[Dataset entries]
◆ ◆ ◆ ◆ ◆
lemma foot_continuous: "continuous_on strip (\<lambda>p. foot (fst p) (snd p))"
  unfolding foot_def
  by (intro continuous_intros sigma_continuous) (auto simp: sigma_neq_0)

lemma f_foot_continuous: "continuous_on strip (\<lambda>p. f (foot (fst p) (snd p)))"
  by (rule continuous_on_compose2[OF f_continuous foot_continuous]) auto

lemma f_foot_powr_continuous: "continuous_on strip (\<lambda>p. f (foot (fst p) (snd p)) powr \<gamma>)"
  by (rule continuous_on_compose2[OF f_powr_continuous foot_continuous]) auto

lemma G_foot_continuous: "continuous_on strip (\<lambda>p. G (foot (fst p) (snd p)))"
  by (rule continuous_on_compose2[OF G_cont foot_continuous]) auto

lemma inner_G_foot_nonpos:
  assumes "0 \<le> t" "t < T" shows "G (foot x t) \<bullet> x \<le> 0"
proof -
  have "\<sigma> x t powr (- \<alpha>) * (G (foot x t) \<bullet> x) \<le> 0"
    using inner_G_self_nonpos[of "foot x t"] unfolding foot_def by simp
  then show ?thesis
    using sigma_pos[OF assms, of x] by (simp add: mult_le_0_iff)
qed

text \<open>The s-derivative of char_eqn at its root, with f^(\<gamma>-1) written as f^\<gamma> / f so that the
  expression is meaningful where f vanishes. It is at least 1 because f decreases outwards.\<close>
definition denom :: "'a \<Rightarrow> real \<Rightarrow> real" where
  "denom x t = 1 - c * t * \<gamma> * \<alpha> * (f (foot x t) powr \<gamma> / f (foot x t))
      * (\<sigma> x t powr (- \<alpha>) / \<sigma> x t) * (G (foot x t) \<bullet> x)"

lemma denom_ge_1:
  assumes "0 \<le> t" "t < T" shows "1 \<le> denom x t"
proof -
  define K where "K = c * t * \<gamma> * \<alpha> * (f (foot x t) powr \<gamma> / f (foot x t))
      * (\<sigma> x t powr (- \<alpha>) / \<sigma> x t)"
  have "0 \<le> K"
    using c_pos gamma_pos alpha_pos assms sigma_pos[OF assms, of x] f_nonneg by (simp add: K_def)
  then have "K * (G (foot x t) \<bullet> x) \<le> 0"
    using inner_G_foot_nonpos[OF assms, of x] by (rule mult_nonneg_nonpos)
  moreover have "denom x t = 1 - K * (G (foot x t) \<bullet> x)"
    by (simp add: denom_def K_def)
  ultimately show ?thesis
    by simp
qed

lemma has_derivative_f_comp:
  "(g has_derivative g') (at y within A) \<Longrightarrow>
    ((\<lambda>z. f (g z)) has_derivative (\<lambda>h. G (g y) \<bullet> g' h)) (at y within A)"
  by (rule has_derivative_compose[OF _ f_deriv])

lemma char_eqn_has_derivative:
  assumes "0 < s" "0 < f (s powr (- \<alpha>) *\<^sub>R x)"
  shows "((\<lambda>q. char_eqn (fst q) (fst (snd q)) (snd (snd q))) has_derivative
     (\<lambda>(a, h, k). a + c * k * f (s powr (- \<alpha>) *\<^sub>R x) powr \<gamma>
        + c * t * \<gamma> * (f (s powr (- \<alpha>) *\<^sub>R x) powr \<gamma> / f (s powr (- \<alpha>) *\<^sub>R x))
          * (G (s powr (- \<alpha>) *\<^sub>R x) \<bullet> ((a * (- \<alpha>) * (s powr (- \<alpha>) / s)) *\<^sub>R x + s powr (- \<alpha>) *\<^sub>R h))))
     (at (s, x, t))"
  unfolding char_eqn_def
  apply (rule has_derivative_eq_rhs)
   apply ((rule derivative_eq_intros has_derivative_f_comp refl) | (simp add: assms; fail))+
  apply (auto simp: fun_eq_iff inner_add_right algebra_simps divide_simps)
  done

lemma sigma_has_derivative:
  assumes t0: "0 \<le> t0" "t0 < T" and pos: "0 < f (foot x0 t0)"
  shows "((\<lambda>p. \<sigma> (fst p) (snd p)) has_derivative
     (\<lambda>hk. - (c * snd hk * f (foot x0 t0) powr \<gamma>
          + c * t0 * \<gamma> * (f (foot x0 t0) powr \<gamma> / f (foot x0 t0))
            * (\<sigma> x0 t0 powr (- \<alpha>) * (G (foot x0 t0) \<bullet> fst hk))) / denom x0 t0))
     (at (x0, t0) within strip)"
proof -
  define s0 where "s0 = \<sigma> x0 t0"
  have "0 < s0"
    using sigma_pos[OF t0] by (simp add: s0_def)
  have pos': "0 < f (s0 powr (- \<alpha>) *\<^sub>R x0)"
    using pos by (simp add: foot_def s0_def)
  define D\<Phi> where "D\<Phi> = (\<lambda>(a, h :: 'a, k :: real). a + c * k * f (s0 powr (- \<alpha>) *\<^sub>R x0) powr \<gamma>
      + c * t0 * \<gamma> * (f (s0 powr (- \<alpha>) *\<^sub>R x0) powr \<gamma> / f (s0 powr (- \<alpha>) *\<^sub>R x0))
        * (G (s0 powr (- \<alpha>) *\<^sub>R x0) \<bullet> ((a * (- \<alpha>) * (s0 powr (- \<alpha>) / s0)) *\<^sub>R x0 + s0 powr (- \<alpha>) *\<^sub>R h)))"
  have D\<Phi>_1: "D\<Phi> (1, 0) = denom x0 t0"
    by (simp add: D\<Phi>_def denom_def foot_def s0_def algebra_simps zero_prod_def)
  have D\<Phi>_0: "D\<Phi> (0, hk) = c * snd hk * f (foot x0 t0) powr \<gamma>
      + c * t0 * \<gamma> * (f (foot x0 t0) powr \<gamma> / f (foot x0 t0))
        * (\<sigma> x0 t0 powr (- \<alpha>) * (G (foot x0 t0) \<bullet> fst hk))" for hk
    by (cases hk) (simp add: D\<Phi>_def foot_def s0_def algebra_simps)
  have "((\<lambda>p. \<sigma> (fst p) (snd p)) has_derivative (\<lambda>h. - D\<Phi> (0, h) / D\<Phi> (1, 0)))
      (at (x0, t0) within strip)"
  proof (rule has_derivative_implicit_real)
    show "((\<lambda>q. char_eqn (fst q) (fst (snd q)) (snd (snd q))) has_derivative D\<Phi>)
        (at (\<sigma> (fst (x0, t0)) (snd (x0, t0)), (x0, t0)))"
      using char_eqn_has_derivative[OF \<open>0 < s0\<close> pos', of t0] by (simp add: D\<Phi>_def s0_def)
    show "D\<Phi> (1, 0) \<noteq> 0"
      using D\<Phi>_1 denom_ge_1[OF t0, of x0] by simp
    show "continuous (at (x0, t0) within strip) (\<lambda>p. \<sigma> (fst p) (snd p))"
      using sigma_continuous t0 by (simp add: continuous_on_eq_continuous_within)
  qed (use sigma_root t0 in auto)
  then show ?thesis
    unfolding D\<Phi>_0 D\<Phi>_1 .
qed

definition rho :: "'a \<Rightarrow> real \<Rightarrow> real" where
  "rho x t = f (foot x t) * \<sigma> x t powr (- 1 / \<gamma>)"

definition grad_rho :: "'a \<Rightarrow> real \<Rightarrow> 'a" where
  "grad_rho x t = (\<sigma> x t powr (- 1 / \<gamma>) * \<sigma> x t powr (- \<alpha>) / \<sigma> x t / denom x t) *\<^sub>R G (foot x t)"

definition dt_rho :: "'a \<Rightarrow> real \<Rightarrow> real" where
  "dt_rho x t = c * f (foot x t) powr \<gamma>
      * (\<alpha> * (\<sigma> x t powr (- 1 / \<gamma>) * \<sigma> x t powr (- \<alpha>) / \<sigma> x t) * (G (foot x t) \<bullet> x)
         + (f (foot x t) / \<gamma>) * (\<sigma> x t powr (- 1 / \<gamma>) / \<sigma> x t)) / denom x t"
◆ ◆ ◆ ◆ ◆
Copy each line of the data above exactly as it appears.

lemma foot_continuous: "continuous_on strip (\<lambda>p. foot (fst p) (snd p))"
  unfolding foot_def
  by (intro continuous_intros sigma_continuous) (auto simp: sigma_neq_0)

lemma f_foot_continuous: "continuous_on strip (\<lambda>p. f (foot (fst p) (snd p)))"
  by (rule continuous_on_compose2[OF f_continuous foot_continuous]) auto

lemma f_foot_powr_continuous: "continuous_on strip (\<lambda>p. f (foot (fst p) (snd p)) powr \<gamma>)"
  by (rule continuous_on_compose2[OF f_powr_continuous foot_continuous]) auto

lemma G_foot_continuous: "continuous_on strip (\<lambda>p. G (foot (fst p) (snd p)))"
  by (rule continuous_on_compose2[OF G_cont foot_continuous]) auto

lemma inner_G_foot_nonpos:
  assumes "0 \<le> t" "t < T" shows "G (foot x t) \<bullet> x \<le> 0"
proof -
  have "\<sigma> x t powr (- \<alpha>) * (G (foot x t) \<bullet> x) \<le> 0"
    using inner_G_self_nonpos[of "foot x t"] unfolding foot_def by simp
  then show ?thesis
    using sigma_pos[OF assms, of x] by (simp add: mult_le_0_iff)
qed

text \<open>The s-derivative of char_eqn at its root, with f^(\<gamma>-1) written as f^\<gamma> / f so that the
  expression is meaningful where f vanishes. It is at least 1 because f decreases outwards.\<close>
definition denom :: "'a \<Rightarrow> real \<Rightarrow> real" where
  "denom x t = 1 - c * t * \<gamma> * \<alpha> * (f (foot x t) powr \<gamma> / f (foot x t))
      * (\<sigma> x t powr (- \<alpha>) / \<sigma> x t) * (G (foot x t) \<bullet> x)"

lemma denom_ge_1:
  assumes "0 \<le> t" "t < T" shows "1 \<le> denom x t"
proof -
  define K where "K = c * t * \<gamma> * \<alpha> * (f (foot x t) powr \<gamma> / f (foot x t))
      * (\<sigma> x t powr (- \<alpha>) / \<sigma> x t)"
  have "0 \<le> K"
    using c_pos gamma_pos alpha_pos assms sigma_pos[OF assms, of x] f_nonneg by (simp add: K_def)
  then have "K * (G (foot x t) \<bullet> x) \<le> 0"
    using inner_G_foot_nonpos[OF assms, of x] by (rule mult_nonneg_nonpos)
  moreover have "denom x t = 1 - K * (G (foot x t) \<bullet> x)"
    by (simp add: denom_def K_def)
  ultimately show ?thesis
    by simp
qed

lemma has_derivative_f_comp:
  "(g has_derivative g') (at y within A) \<Longrightarrow>
    ((\<lambda>z. f (g z)) has_derivative (\<lambda>h. G (g y) \<bullet> g' h)) (at y within A)"
  by (rule has_derivative_compose[OF _ f_deriv])

lemma char_eqn_has_derivative:
  assumes "0 < s" "0 < f (s powr (- \<alpha>) *\<^sub>R x)"
  shows "((\<lambda>q. char_eqn (fst q) (fst (snd q)) (snd (snd q))) has_derivative
     (\<lambda>(a, h, k). a + c * k * f (s powr (- \<alpha>) *\<^sub>R x) powr \<gamma>
        + c * t * \<gamma> * (f (s powr (- \<alpha>) *\<^sub>R x) powr \<gamma> / f (s powr (- \<alpha>) *\<^sub>R x))
          * (G (s powr (- \<alpha>) *\<^sub>R x) \<bullet> ((a * (- \<alpha>) * (s powr (- \<alpha>) / s)) *\<^sub>R x + s powr (- \<alpha>) *\<^sub>R h))))
     (at (s, x, t))"
  unfolding char_eqn_def
  apply (rule has_derivative_eq_rhs)
   apply ((rule derivative_eq_intros has_derivative_f_comp refl) | (simp add: assms; fail))+
  apply (auto simp: fun_eq_iff inner_add_right algebra_simps divide_simps)
  done

lemma sigma_has_derivative:
  assumes t0: "0 \<le> t0" "t0 < T" and pos: "0 < f (foot x0 t0)"
  shows "((\<lambda>p. \<sigma> (fst p) (snd p)) has_derivative
     (\<lambda>hk. - (c * snd hk * f (foot x0 t0) powr \<gamma>
          + c * t0 * \<gamma> * (f (foot x0 t0) powr \<gamma> / f (foot x0 t0))
            * (\<sigma> x0 t0 powr (- \<alpha>) * (G (foot x0 t0) \<bullet> fst hk))) / denom x0 t0))
     (at (x0, t0) within strip)"
proof -
  define s0 where "s0 = \<sigma> x0 t0"
  have "0 < s0"
    using sigma_pos[OF t0] by (simp add: s0_def)
  have pos': "0 < f (s0 powr (- \<alpha>) *\<^sub>R x0)"
    using pos by (simp add: foot_def s0_def)
  define D\<Phi> where "D\<Phi> = (\<lambda>(a, h :: 'a, k :: real). a + c * k * f (s0 powr (- \<alpha>) *\<^sub>R x0) powr \<gamma>
      + c * t0 * \<gamma> * (f (s0 powr (- \<alpha>) *\<^sub>R x0) powr \<gamma> / f (s0 powr (- \<alpha>) *\<^sub>R x0))
        * (G (s0 powr (- \<alpha>) *\<^sub>R x0) \<bullet> ((a * (- \<alpha>) * (s0 powr (- \<alpha>) / s0)) *\<^sub>R x0 + s0 powr (- \<alpha>) *\<^sub>R h)))"
  have D\<Phi>_1: "D\<Phi> (1, 0) = denom x0 t0"
    by (simp add: D\<Phi>_def denom_def foot_def s0_def algebra_simps zero_prod_def)
  have D\<Phi>_0: "D\<Phi> (0, hk) = c * snd hk * f (foot x0 t0) powr \<gamma>
      + c * t0 * \<gamma> * (f (foot x0 t0) powr \<gamma> / f (foot x0 t0))
        * (\<sigma> x0 t0 powr (- \<alpha>) * (G (foot x0 t0) \<bullet> fst hk))" for hk
    by (cases hk) (simp add: D\<Phi>_def foot_def s0_def algebra_simps)
  have "((\<lambda>p. \<sigma> (fst p) (snd p)) has_derivative (\<lambda>h. - D\<Phi> (0, h) / D\<Phi> (1, 0)))
      (at (x0, t0) within strip)"
  proof (rule has_derivative_implicit_real)
    show "((\<lambda>q. char_eqn (fst q) (fst (snd q)) (snd (snd q))) has_derivative D\<Phi>)
        (at (\<sigma> (fst (x0, t0)) (snd (x0, t0)), (x0, t0)))"
      using char_eqn_has_derivative[OF \<open>0 < s0\<close> pos', of t0] by (simp add: D\<Phi>_def s0_def)
    show "D\<Phi> (1, 0) \<noteq> 0"
      using D\<Phi>_1 denom_ge_1[OF t0, of x0] by simp
    show "continuous (at (x0, t0) within strip) (\<lambda>p. \<sigma> (fst p) (snd p))"
      using sigma_continuous t0 by (simp add: continuous_on_eq_continuous_within)
  qed (use sigma_root t0 in auto)
  then show ?thesis
    unfolding D\<Phi>_0 D\<Phi>_1 .
qed

definition rho :: "'a \<Rightarrow> real \<Rightarrow> real" where
  "rho x t = f (foot x t) * \<sigma> x t powr (- 1 / \<gamma>)"

definition grad_rho :: "'a \<Rightarrow> real \<Rightarrow> 'a" where
  "grad_rho x t = (\<sigma> x t powr (- 1 / \<gamma>) * \<sigma> x t powr (- \<alpha>) / \<sigma> x t / denom x t) *\<^sub>R G (foot x t)"

definition dt_rho :: "'a \<Rightarrow> real \<Rightarrow> real" where
  "dt_rho x t = c * f (foot x t) powr \<gamma>
      * (\<alpha> * (\<sigma> x t powr (- 1 / \<gamma>) * \<sigma> x t powr (- \<alpha>) / \<sigma> x t) * (G (foot x t) \<bullet> x)
         + (f (foot x t) / \<gamma>) * (\<sigma> x t powr (- 1 / \<gamma>) / \<sigma> x t)) / denom x t"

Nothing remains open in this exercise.